Exercise directions: Some entries follow. Reproduce exactly the lines starting at the one with "t R) gamma <" and stopping after the one with "by (simp add: H_def add_nonneg_pos)".

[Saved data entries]

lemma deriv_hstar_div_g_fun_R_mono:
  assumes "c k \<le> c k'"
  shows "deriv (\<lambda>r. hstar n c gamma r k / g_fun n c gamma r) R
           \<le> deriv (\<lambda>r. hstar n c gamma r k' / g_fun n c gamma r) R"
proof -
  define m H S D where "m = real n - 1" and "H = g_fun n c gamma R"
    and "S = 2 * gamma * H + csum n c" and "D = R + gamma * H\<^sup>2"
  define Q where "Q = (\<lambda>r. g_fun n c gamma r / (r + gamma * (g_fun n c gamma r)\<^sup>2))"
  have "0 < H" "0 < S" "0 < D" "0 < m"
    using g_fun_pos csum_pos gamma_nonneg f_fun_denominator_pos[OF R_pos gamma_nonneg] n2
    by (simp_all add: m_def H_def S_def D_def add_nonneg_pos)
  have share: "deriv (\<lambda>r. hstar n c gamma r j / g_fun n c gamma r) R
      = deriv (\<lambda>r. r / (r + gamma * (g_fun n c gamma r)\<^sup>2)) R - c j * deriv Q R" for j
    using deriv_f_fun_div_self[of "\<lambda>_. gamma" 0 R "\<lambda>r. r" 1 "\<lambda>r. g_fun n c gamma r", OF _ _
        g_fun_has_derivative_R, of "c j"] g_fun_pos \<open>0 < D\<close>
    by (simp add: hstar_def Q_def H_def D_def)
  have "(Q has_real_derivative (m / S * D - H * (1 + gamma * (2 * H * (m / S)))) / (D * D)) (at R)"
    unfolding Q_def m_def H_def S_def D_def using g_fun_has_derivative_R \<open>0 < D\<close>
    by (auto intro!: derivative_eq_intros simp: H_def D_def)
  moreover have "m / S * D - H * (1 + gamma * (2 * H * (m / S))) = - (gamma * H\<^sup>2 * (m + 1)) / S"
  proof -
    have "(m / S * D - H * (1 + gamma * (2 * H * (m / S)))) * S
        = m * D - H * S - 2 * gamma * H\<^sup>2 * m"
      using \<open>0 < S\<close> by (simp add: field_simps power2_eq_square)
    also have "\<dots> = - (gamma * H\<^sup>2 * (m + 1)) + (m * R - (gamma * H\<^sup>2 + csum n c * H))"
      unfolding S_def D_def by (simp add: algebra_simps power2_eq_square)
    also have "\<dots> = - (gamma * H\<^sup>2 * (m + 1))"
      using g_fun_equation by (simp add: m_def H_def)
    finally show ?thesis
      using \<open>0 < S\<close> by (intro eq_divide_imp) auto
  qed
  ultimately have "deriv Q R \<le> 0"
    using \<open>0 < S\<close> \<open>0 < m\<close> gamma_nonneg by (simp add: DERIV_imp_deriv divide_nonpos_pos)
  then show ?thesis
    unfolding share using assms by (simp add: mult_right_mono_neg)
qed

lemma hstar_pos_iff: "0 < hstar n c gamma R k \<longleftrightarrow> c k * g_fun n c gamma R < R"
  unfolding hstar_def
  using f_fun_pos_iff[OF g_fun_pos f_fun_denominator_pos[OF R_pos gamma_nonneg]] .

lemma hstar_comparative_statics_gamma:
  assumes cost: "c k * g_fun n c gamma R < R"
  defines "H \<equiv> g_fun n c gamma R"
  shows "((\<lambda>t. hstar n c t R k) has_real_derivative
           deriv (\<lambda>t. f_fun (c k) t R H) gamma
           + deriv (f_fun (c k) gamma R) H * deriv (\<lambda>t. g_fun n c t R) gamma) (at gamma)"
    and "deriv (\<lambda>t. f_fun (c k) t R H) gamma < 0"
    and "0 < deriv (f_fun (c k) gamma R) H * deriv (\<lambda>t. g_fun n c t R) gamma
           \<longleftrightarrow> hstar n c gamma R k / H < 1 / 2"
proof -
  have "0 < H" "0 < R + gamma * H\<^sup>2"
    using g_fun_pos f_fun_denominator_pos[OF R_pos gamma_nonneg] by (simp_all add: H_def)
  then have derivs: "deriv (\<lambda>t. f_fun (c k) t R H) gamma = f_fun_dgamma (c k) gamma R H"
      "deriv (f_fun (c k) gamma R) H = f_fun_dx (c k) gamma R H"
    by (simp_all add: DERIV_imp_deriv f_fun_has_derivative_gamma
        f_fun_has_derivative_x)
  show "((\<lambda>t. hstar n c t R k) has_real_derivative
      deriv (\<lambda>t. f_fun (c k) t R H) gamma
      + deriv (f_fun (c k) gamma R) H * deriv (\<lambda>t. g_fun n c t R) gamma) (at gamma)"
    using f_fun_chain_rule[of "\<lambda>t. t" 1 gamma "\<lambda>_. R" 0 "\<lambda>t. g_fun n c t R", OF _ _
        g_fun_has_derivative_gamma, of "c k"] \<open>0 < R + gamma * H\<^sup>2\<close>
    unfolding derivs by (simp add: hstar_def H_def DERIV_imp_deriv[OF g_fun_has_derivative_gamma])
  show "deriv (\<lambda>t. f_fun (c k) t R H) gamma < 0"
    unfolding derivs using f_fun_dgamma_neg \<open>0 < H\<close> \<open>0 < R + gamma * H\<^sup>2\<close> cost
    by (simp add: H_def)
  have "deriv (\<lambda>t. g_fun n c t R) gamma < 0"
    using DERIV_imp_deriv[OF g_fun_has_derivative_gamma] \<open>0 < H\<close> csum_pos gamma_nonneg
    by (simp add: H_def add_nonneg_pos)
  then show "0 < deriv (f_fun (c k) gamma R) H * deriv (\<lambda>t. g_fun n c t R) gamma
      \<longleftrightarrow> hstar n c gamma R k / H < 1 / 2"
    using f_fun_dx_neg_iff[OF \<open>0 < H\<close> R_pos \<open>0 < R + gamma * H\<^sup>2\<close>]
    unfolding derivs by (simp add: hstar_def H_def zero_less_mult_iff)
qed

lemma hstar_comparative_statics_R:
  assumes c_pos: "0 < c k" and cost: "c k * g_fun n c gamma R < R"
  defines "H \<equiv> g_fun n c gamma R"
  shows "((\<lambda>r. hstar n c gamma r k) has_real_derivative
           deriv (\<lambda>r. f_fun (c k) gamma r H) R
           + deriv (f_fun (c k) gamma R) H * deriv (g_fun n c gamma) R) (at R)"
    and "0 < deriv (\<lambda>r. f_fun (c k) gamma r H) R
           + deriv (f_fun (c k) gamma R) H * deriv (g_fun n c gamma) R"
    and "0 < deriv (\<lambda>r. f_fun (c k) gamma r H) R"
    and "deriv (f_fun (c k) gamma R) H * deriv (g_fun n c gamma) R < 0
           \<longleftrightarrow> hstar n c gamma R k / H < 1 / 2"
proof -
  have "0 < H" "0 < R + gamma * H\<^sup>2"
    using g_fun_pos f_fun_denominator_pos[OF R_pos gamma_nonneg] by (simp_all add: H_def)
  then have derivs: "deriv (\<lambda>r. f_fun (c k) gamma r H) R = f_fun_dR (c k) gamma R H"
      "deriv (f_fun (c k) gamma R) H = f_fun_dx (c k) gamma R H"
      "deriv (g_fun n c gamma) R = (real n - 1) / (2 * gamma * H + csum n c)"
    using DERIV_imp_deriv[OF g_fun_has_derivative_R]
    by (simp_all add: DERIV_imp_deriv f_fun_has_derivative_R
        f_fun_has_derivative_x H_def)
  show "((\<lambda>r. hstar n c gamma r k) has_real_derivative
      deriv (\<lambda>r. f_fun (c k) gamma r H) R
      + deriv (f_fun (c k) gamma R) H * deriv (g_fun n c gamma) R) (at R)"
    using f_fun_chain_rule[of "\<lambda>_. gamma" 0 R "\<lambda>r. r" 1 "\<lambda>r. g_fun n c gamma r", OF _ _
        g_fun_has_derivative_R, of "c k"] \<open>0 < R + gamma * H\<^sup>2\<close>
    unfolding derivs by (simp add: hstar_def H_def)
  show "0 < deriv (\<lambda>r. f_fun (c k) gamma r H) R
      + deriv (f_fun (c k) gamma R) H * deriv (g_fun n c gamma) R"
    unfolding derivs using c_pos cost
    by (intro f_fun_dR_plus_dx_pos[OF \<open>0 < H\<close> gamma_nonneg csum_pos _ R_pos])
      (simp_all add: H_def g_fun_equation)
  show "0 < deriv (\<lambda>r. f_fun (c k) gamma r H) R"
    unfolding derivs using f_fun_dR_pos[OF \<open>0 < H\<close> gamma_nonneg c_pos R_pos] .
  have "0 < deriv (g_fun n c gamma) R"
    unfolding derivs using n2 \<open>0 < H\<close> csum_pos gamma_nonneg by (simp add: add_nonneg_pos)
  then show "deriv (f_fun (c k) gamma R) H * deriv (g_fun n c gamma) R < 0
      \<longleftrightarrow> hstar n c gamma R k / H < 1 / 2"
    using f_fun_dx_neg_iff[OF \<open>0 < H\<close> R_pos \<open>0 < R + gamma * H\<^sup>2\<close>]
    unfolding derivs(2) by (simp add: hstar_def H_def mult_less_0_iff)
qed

Response box:
  have "deriv (\<lambda>t. g_fun n c t R) gamma < 0"
    using DERIV_imp_deriv[OF g_fun_has_derivative_gamma] \<open>0 < H\<close> csum_pos gamma_nonneg
    by (simp add: H_def add_nonneg_pos)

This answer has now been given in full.